The Marriage Lie by Kimberly Belle

There are a lot of books out there on the subject of marriage, and the secrets and lies between husbands and wives. I’ve been seeing so many books that have something to do with marriage or husband or wife in the title. It got me wondering “how do these authors make their story unique?” To figure this out, I’m going to actively try to read books on the topic of marriage and secrets and see which ones are actually unique and which ones are just the same story line but with a different title. So here I go with my first one:

Iris and Will have a perfect marriage: a beautiful home, rewarding careers, and now they are ready to try for their first baby. But on the morning Will leaves for a business trip in Orlando, Iris’s happy life comes crashing down. Another plane headed for Seattle has crashed, leaving everyone on board dead – including Will. Confused, Iris is sure there is a misunderstanding: why would Will even be on the plane to Seattle? But as time passes and Will’s ring is found at the crash site, Iris is forced to accept that her husband is gone. Still, Iris needs answers. Why did Will lie about his destination? What was so special about Seattle that he went there? And what else has he lied about? As Iris sets out to uncover the truth, she discovers that she may never have known her husband at all.

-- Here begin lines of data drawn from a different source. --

text \<open>\<open>k (k - 1)\<close> for the increment \<open>k\<close> over \<open>[a, a + 1]\<close> counts ordered pairs of distinct jumps;
  once the partition puts every jump into its own cell, the sum counts each unordered pair twice.\<close>

lemma simple_counting_path_second_factorial_eq_sum:
  fixes f :: "real \<Rightarrow> real"
  assumes "simple_counting_path f"
  shows "eventually (\<lambda>m. (f (a + 1) - f a) * (f (a + 1) - f a - 1) =
           2 * (\<Sum>c<m. (f (a + real c / real m) - f a) *
                         (f (a + real (Suc c) / real m) - f (a + real c / real m)))) sequentially"
  using simple_counting_path_uniform_partition_increment_le_1[OF assms, of a]
    eventually_gt_at_top[of 0]
proof eventually_elim
  case (elim m)
  define h where "h c = f (a + real c / real m)" for c
  have mono: "mono f" and nat: "\<And>t. f t \<in> \<nat>" using assms by (auto simp: simple_counting_path_def)
  have "(\<Sum>c<m. (h (Suc c) - h c) * (h (Suc c) - h c - 1)) = 0"
  proof (intro sum.neutral ballI)
    fix c assume "c \<in> {..<m}"
    then have "h (Suc c) - h c \<le> 1" using elim(1) by (simp add: h_def)
    moreover have "h c \<le> h (Suc c)" unfolding h_def by (intro monoD[OF mono]) (simp add: divide_right_mono)
    moreover have "h (Suc c) - h c \<in> \<int>" unfolding h_def using nat
      by (intro Ints_diff) (auto intro: Nats_subset_Ints[THEN subsetD])
    ultimately show "(h (Suc c) - h c) * (h (Suc c) - h c - 1) = 0"
      by (intro Ints_01_mult_diff_1) auto
  qed
  then show ?case using telescope_second_factorial[of h m] elim(2) by (simp add: h_def)
qed

text \<open>The drift term \<open>z (1 - j)\<close> of the squared deviation \<open>z\<^sup>2\<close> over one unit of time, where \<open>j\<close> is
  the compensator and \<open>k\<close> the number of jumps: as \<open>\<lambda>(z - k) \<le> j \<le> \<lambda>(z + 1)\<close>, it is
  nonpositive unless \<open>z\<close> lies between the thresholds \<open>z\<^sub>0\<close> and \<open>z\<^sub>1\<close> (up to \<open>k\<close>).\<close>

lemma drift_le:
  fixes lam :: "real \<Rightarrow> real"
  assumes "0 \<le> k" and "lam (z - k) \<le> j" "j \<le> lam (z + 1)" and "0 \<le> j" "j \<le> lp"
    and "\<forall>w\<ge>z1. 1 \<le> lam w" and "z0 \<le> 0" "\<forall>w\<le>z0. lam w \<le> 1"
  shows "z * (1 - j) \<le> \<bar>z1\<bar> + (1 - z0) * lp + k"
proof -
  have "0 \<le> (1 - z0) * lp" using assms by simp
  consider "0 \<le> z" "z1 \<le> z - k" | "0 \<le> z" "z - k < z1" | "z < 0" "z + 1 \<le> z0" | "z < 0" "z0 < z + 1"
    by linarith
  then show ?thesis
  proof cases
    case 1
    then have "1 \<le> j" using assms by force
    then have "z * (1 - j) \<le> 0" using 1 by (simp add: mult_nonneg_nonpos)
    then show ?thesis using assms(1) \<open>0 \<le> (1 - z0) * lp\<close> abs_ge_zero[of z1] by linarith
  next
    case 2
    then have "z * (1 - j) \<le> z" using assms mult_left_mono[of "1 - j" 1 z] by simp
    then show ?thesis using 2 \<open>0 \<le> (1 - z0) * lp\<close> abs_ge_self[of z1] by linarith
  next
    case 3
    then have "j \<le> 1" using assms by force
    then have "z * (1 - j) \<le> 0" using 3 by (simp add: mult_nonpos_nonneg)
    then show ?thesis using assms(1) \<open>0 \<le> (1 - z0) * lp\<close> abs_ge_zero[of z1] by linarith
  next
    case 4
    have "z * (1 - j) = (- z) * (j - 1)" by (simp add: algebra_simps)
    also have "\<dots> \<le> (- z) * lp" using 4 assms by (intro mult_left_mono) auto
    also have "\<dots> \<le> (1 - z0) * lp" using 4 assms by (intro mult_right_mono) auto
    finally show ?thesis using assms by linarith
  qed
qed

lemma Fatou_integrable_le:
  fixes U :: "nat \<Rightarrow> 'a \<Rightarrow> real"
  assumes [measurable]: "\<And>m. U m \<in> borel_measurable M" "k \<in> borel_measurable M"
    and nonneg: "\<And>m x. x \<in> space M \<Longrightarrow> 0 \<le> U m x"
    and lim: "\<And>x. x \<in> space M \<Longrightarrow> (\<lambda>m. U m x) \<longlonglongrightarrow> k x"
    and bound: "eventually (\<lambda>m. integrable M (U m) \<and> integral\<^sup>L M (U m) \<le> B) sequentially"
  shows "integrable M k" "integral\<^sup>L M k \<le> B"
proof -
  have k_nonneg: "0 \<le> k x" if "x \<in> space M" for x
    using LIMSEQ_le_const[OF lim[OF that]] nonneg[OF that] by blast
  have "0 \<le> B"
  proof -
    obtain m where "integral\<^sup>L M (U m) \<le> B" using bound unfolding eventually_sequentially by blast
    moreover have "0 \<le> integral\<^sup>L M (U m)" using nonneg by (intro integral_nonneg_AE AE_I2)
    ultimately show ?thesis by linarith
  qed
  have "(\<integral>\<^sup>+x. ennreal (k x) \<partial>M) = (\<integral>\<^sup>+x. liminf (\<lambda>m. ennreal (U m x)) \<partial>M)"
    using lim by (intro nn_integral_cong lim_imp_Liminf[symmetric]) auto
  also have "\<dots> \<le> liminf (\<lambda>m. \<integral>\<^sup>+x. ennreal (U m x) \<partial>M)"
    by (rule nn_integral_liminf) simp
  also have "\<dots> \<le> limsup (\<lambda>m. \<integral>\<^sup>+x. ennreal (U m x) \<partial>M)"
    by (rule Liminf_le_Limsup) simp
  also have "\<dots> \<le> ennreal B"
    using bound by (intro Limsup_bounded)
      (auto elim!: eventually_mono simp: nn_integral_eq_integral nonneg ennreal_leI)
  finally have k_le: "(\<integral>\<^sup>+x. ennreal (k x) \<partial>M) \<le> ennreal B" .
  then show int_k: "integrable M k"
    using k_nonneg le_less_trans[OF k_le ennreal_less_top] by (intro integrableI_nonneg) auto
  show "integral\<^sup>L M k \<le> B"
    using k_le \<open>0 \<le> B\<close> k_nonneg by (simp add: nn_integral_eq_integral[OF int_k])
qed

This novel is getting mixed reviews from me. And here is why. This is one of those rare times in which the author actually gives the main character a realistic and positive support system. Iris’s whole family comes out to help her deal with this. As she goes around trying to uncover the true identity of her husband, her twin brother tags along. And I love that. I love that it isn’t a potential romantic partnership that strikes up. I love that she is bolstered and supported by her family, instead of just falling into the arms of some man who she has “sparks” with. I also really liked that her responses and behaviour to the situation were realistic and understandable. The steps that she took to uncover the mystery and to protect herself made sense and I appreciated the author actually giving her main character some common sense. But then there were the things I didn’t like. I didn’t like the fact that Iris had a background in psychology but her understanding of things was so … weak. I didn’t like that there were random things that were mentioned (like a lawsuit against the Airlines) that had nothing to do with the story and didn’t really enhance it in any way. I also didn’t like the way the villain was portrayed and the way in which the villain was introduced; the portrayal bordered on racist and the introduction near the end was just so out of place that it made me cringe. I will say that I did enjoy the ending as Iris’s final decision was unexpected but also pretty badass. As you can see, I have some good things and some bad things to report on. Since I had a pretty positive reading experience for about 80% of the novel, I’m giving this a 3/5 stars.